More worrying is evidence from the same study that after endoscopic surgery was introduced, the number of cholecystectomy operations in New York State rose by 21%. High capital investment in equipment and training requires intensive use to secure an economic return, creating perverse incentives to overuse technical procedures. As we saw in Table 2, fee-paid care systems already encourage high rates for all elective surgery, with cholecystectomy rates 2.6 times higher in the USA than they are in the UK, though prevalence of gallstones is lower in USA . With the NHS now managed chiefly to streamline output of technical interventions rather than improve less readily measurable all-round care, we are likely to shift toward the same irrational path.

Though endoscopic cholecystectomy may allow gallstones to be removed more efficiently, it ignores and diverts attention from three more fundamental questions: when do gallstones really need to be removed, why do they occur, and can they be prevented? By the end of their lives, roughly 12% of men and 24% of women in the general population have gallstones, but over a period of 15 years following detection, only about 18% of these stones get into the bile duct, caused jaundice, severe pain, and require operation . On average, people with gallstones live as long as people without them. Once into the bile duct, gallstones become a major and readily treatable cause of severe pain, illness and death, but cholecystectomy as a preventive measure, at least as an open operation, gives no net health gain to the patient. A host of other abdominal symptoms attributed in the past to gallstones, and therefore thought to justify cholecystectomy, are just as common in people without gallstones, and are not helped by operation.
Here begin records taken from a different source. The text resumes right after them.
(* For every graph $G$ on $n$ vertices and every finite field $\mathbb{F}$ of size $q$, \[\mathrm{minrk}_{\mathbb{F}}(G)\le \overline{\xi}_l(\overline{G},\mathbb{F})+\lceil\log_q n\rceil.\] In particular, $\mathrm{minrk}_{\mathbb{F}_2}(G)\le \overline{\xi}_l(\overline{G},\mathbb{F}_2)+\lceil\log_2 n\rceil$.
   Context: $\overline{G}$ is the complement of $G$. For a graph $H$ on $[n]$, a matrix $M\in\mathbb{F}^{n\times n}$ represents $H$ if $M_{i,i}\ne0$ for all $i$ and $M_{i,j}=0$ for distinct non-adjacent $i,j$; $\mathrm{minrk}_{\mathbb{F}}(H)$ is the minimum rank over $\mathbb{F}$ of such a matrix. An orthogonal representation of $H=(V,E)$ over $\mathbb{F}$ assigns $u_v\in\mathbb{F}^t$ to each $v$ with $\langle u_v,u_v\rangle\ne0$ and $\langle u_v,u_{v'}\rangle=0$ for adjacent $v,v'$, where $\langle x,y\rangle=\sum_i x_iy_i$. Its locality is $\max_v\dim\mathrm{span}\{u_{v'}:v'\in\{v\}\cup N(v)\}$ with $N(v)$ the neighborhood of $v$; $\overline{\xi}_l(H,\mathbb{F})$ is the minimum locality of an orthogonal representation of $H$ over $\mathbb{F}$. *)

theory Defs
  imports "Jordan_Normal_Form.DL_Rank" "HOL.Transcendental"
begin

text \<open>Graphs on the vertex set [n] = {0..<n} are given by an edge relation E.\<close>

definition simple_graph :: "nat \<Rightarrow> (nat \<Rightarrow> nat \<Rightarrow> bool) \<Rightarrow> bool" where
  "simple_graph n E \<longleftrightarrow> (\<forall>i<n. \<forall>j<n. E i j \<longleftrightarrow> E j i) \<and> (\<forall>i<n. \<not> E i i)"

definition complement :: "(nat \<Rightarrow> nat \<Rightarrow> bool) \<Rightarrow> nat \<Rightarrow> nat \<Rightarrow> bool" where
  "complement E i j \<longleftrightarrow> i \<noteq> j \<and> \<not> E i j"

definition represents :: "nat \<Rightarrow> (nat \<Rightarrow> nat \<Rightarrow> bool) \<Rightarrow> 'a::field mat \<Rightarrow> bool" where
  "represents n E M \<longleftrightarrow> M \<in> carrier_mat n n \<and> (\<forall>i<n. M $$ (i,i) \<noteq> 0)
     \<and> (\<forall>i<n. \<forall>j<n. i \<noteq> j \<and> \<not> E i j \<longrightarrow> M $$ (i,j) = 0)"

definition minrk :: "'a::field itself \<Rightarrow> nat \<Rightarrow> (nat \<Rightarrow> nat \<Rightarrow> bool) \<Rightarrow> nat" where
  "minrk F n E = (LEAST r. \<exists>M :: 'a mat. represents n E M \<and> vec_space.rank n M = r)"
(* Let $v\in C(S^1,(0,\infty))$ be separable in $S^1$ and suppose $v((\cos\alpha,\sin\alpha))=v((\cos(\alpha+\pi),\sin(\alpha+\pi)))$ for every $\alpha\in[0,2\pi)$. Then $v$ is constant on $S^1$.
   Context: $S^1\subset\mathbb{R}^2$ is the unit circle. For $\alpha\in\mathbb{R}$, $S^1_\alpha=\{(\cos(\alpha+\theta),\sin(\alpha+\theta)):\theta\in(0,\pi)\}$, and for $x\in S^1$, $l_\alpha(x)$ denotes the reflection of $x$ across the line through the origin with direction $(\cos\alpha,\sin\alpha)$. A function $v\in C(S^1,\mathbb{R})$ is called separable in $S^1$ if for every $\alpha\in[0,2\pi)$, either $v(l_\alpha(x))\ge v(x)$ for all $x\in S^1_\alpha$, or $v(l_\alpha(x))\le v(x)$ for all $x\in S^1_\alpha$. *)

theory Defs
  imports "HOL-Analysis.Analysis"
begin

definition S1 :: "(real \<times> real) set" where
  "S1 = {p. (fst p)\<^sup>2 + (snd p)\<^sup>2 = 1}"

definition S1_half :: "real \<Rightarrow> (real \<times> real) set" where
  "S1_half \<alpha> = {(cos (\<alpha> + \<theta>), sin (\<alpha> + \<theta>)) | \<theta>. \<theta> \<in> {0<..<pi}}"

text \<open>Reflection across the line through the origin with direction (cos a, sin a):
  l(x) = 2 (x . u) u - x.\<close>
definition refl_line :: "real \<Rightarrow> real \<times> real \<Rightarrow> real \<times> real" where
  "refl_line \<alpha> p =
     (let d = fst p * cos \<alpha> + snd p * sin \<alpha>
      in (2 * d * cos \<alpha> - fst p, 2 * d * sin \<alpha> - snd p))"

definition separable_S1 :: "(real \<times> real \<Rightarrow> real) \<Rightarrow> bool" where
  "separable_S1 v \<longleftrightarrow>
     (\<forall>\<alpha>\<in>{0..<2*pi}.
        (\<forall>x\<in>S1_half \<alpha>. v (refl_line \<alpha> x) \<ge> v x) \<or>
        (\<forall>x\<in>S1_half \<alpha>. v (refl_line \<alpha> x) \<le> v x))"

end

theory Submission
  imports Defs
begin

text \<open>Compare the points at angles \<open>0\<close> and \<open>t\<close> with the reflection across the bisecting direction
  \<open>t/2\<close>: it swaps angle \<open>0\<close> with \<open>t\<close>, and also angle \<open>\<pi>\<close> with \<open>t - \<pi>\<close>. Separability makes the two
  resulting comparisons point the same way, while antipodal symmetry turns the second one into
  the reverse of the first; hence \<open>v\<close> takes the same value at angles \<open>0\<close> and \<open>t\<close>.\<close>

lemma cos_sin_in_S1: "(cos t, sin t) \<in> S1"
  unfolding S1_def by simp

lemma S1_cos_sin_param:
  assumes "x \<in> S1"
  obtains t where "t \<in> {0..<2*pi}" "x = (cos t, sin t)"
proof -
  have "(fst x)\<^sup>2 + (snd x)\<^sup>2 = 1"
    using assms unfolding S1_def by simp
  then obtain t where "0 \<le> t" "t < 2*pi" "fst x = cos t" "snd x = sin t"
    by (rule sincos_total_2pi)
  then show thesis
    using that by (simp add: prod_eq_iff)
qed

lemma cos_sin_in_S1_half: "\<theta> \<in> {0<..<pi} \<Longrightarrow> (cos (\<alpha> + \<theta>), sin (\<alpha> + \<theta>)) \<in> S1_half \<alpha>"
  unfolding S1_half_def by blast

lemma refl_line_cos_sin:
  "refl_line \<alpha> (cos (\<alpha> + \<theta>), sin (\<alpha> + \<theta>)) = (cos (\<alpha> - \<theta>), sin (\<alpha> - \<theta>))"
proof -
  have "cos (\<alpha> + \<theta>) * cos \<alpha> + sin (\<alpha> + \<theta>) * sin \<alpha> = cos \<theta>"
    using cos_diff[of "\<alpha> + \<theta>" \<alpha>] by simp
  moreover have "2 * cos \<theta> * cos \<alpha> - cos (\<alpha> + \<theta>) = cos (\<alpha> - \<theta>)"
    by (simp add: cos_add cos_diff algebra_simps)
  moreover have "2 * cos \<theta> * sin \<alpha> - sin (\<alpha> + \<theta>) = sin (\<alpha> - \<theta>)"
    by (simp add: sin_add sin_diff algebra_simps)
  ultimately show ?thesis
    unfolding refl_line_def Let_def by simp
qed

lemma separable_S1_angle_cases:
  assumes "separable_S1 v" and "\<alpha> \<in> {0..<2*pi}"
  shows "(\<forall>\<theta>\<in>{0<..<pi}. v (cos (\<alpha> + \<theta>), sin (\<alpha> + \<theta>)) \<le> v (cos (\<alpha> - \<theta>), sin (\<alpha> - \<theta>))) \<or>
         (\<forall>\<theta>\<in>{0<..<pi}. v (cos (\<alpha> + \<theta>), sin (\<alpha> + \<theta>)) \<ge> v (cos (\<alpha> - \<theta>), sin (\<alpha> - \<theta>)))"
  using assms cos_sin_in_S1_half refl_line_cos_sin unfolding separable_S1_def by metis

lemma antipodal_invariant:
  assumes "\<forall>\<alpha>\<in>{0..<2*pi}. v (cos \<alpha>, sin \<alpha>) = v (cos (\<alpha> + pi), sin (\<alpha> + pi))"
    and "x \<in> S1"
  shows "v (- x) = v x"
proof -
  obtain t where "t \<in> {0..<2*pi}" "x = (cos t, sin t)"
    using assms(2) by (rule S1_cos_sin_param)
  then show ?thesis
    using assms(1) by auto
qed

lemma separable_antipodal_angle_eq:
  assumes sep: "separable_S1 v"
    and antipodal: "\<forall>x\<in>S1. v (- x) = v x"
    and t: "t \<in> {0<..<2*pi}"
  shows "v (cos t, sin t) = v (1, 0)"
proof -
  define \<alpha> where "\<alpha> = t / 2"
  have \<alpha>: "\<alpha> \<in> {0..<2*pi}" "\<alpha> \<in> {0<..<pi}" "pi - \<alpha> \<in> {0<..<pi}"
    using t pi_gt_zero unfolding \<alpha>_def by auto
  have "\<alpha> + \<alpha> = t" "\<alpha> - \<alpha> = 0" "\<alpha> + (pi - \<alpha>) = pi" "\<alpha> - (pi - \<alpha>) = t - pi"
    unfolding \<alpha>_def by auto
  then have "(v (cos t, sin t) \<le> v (1, 0) \<and> v (-1, 0) \<le> v (cos (t - pi), sin (t - pi))) \<or>
             (v (cos t, sin t) \<ge> v (1, 0) \<and> v (-1, 0) \<ge> v (cos (t - pi), sin (t - pi)))"
    using separable_S1_angle_cases[OF sep \<alpha>(1)] \<alpha>(2,3) by fastforce
  moreover have "v (cos (t - pi), sin (t - pi)) = v (cos t, sin t)"
    using antipodal[rule_format, OF cos_sin_in_S1[of t]] by simp
  moreover have "v (-1, 0) = v (1, 0)"
    using antipodal[rule_format, OF cos_sin_in_S1[of 0]] by simp
  ultimately show ?thesis
    by linarith
qed

theorem corollary2p2:
  fixes v :: "real \<times> real \<Rightarrow> real"
  assumes "continuous_on S1 v"
    and "\<forall>x\<in>S1. v x > 0"
    and "separable_S1 v"
    and "\<forall>\<alpha>\<in>{0..<2*pi}. v (cos \<alpha>, sin \<alpha>) = v (cos (\<alpha> + pi), sin (\<alpha> + pi))"
  shows "\<exists>c. \<forall>x\<in>S1. v x = c"
proof (intro exI ballI)
  have antipodal: "\<forall>x\<in>S1. v (- x) = v x"
    using antipodal_invariant[OF assms(4)] by blast
  fix x
  assume "x \<in> S1"
  then obtain t where t: "t \<in> {0..<2*pi}" "x = (cos t, sin t)"
    by (rule S1_cos_sin_param)
  show "v x = v (1, 0)"
  proof (cases "t = 0")
    case False
    then show ?thesis
      using separable_antipodal_angle_eq[OF assms(3) antipodal] t by simp
  qed (use t in simp)
qed

end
Like most other elective surgical procedures, cholecystectomy is very much a matter for professional discretion, with roughly 2.5-fold differences between individual surgeons and between different localities. Britain (before NHS “reform”) seems to be the only country so far studied in which local cholecystectomy rates correlate rationally with local prevalence of gallstones. Whether this rational practice would survive in an era when hospitals compete for customers seems doubtful.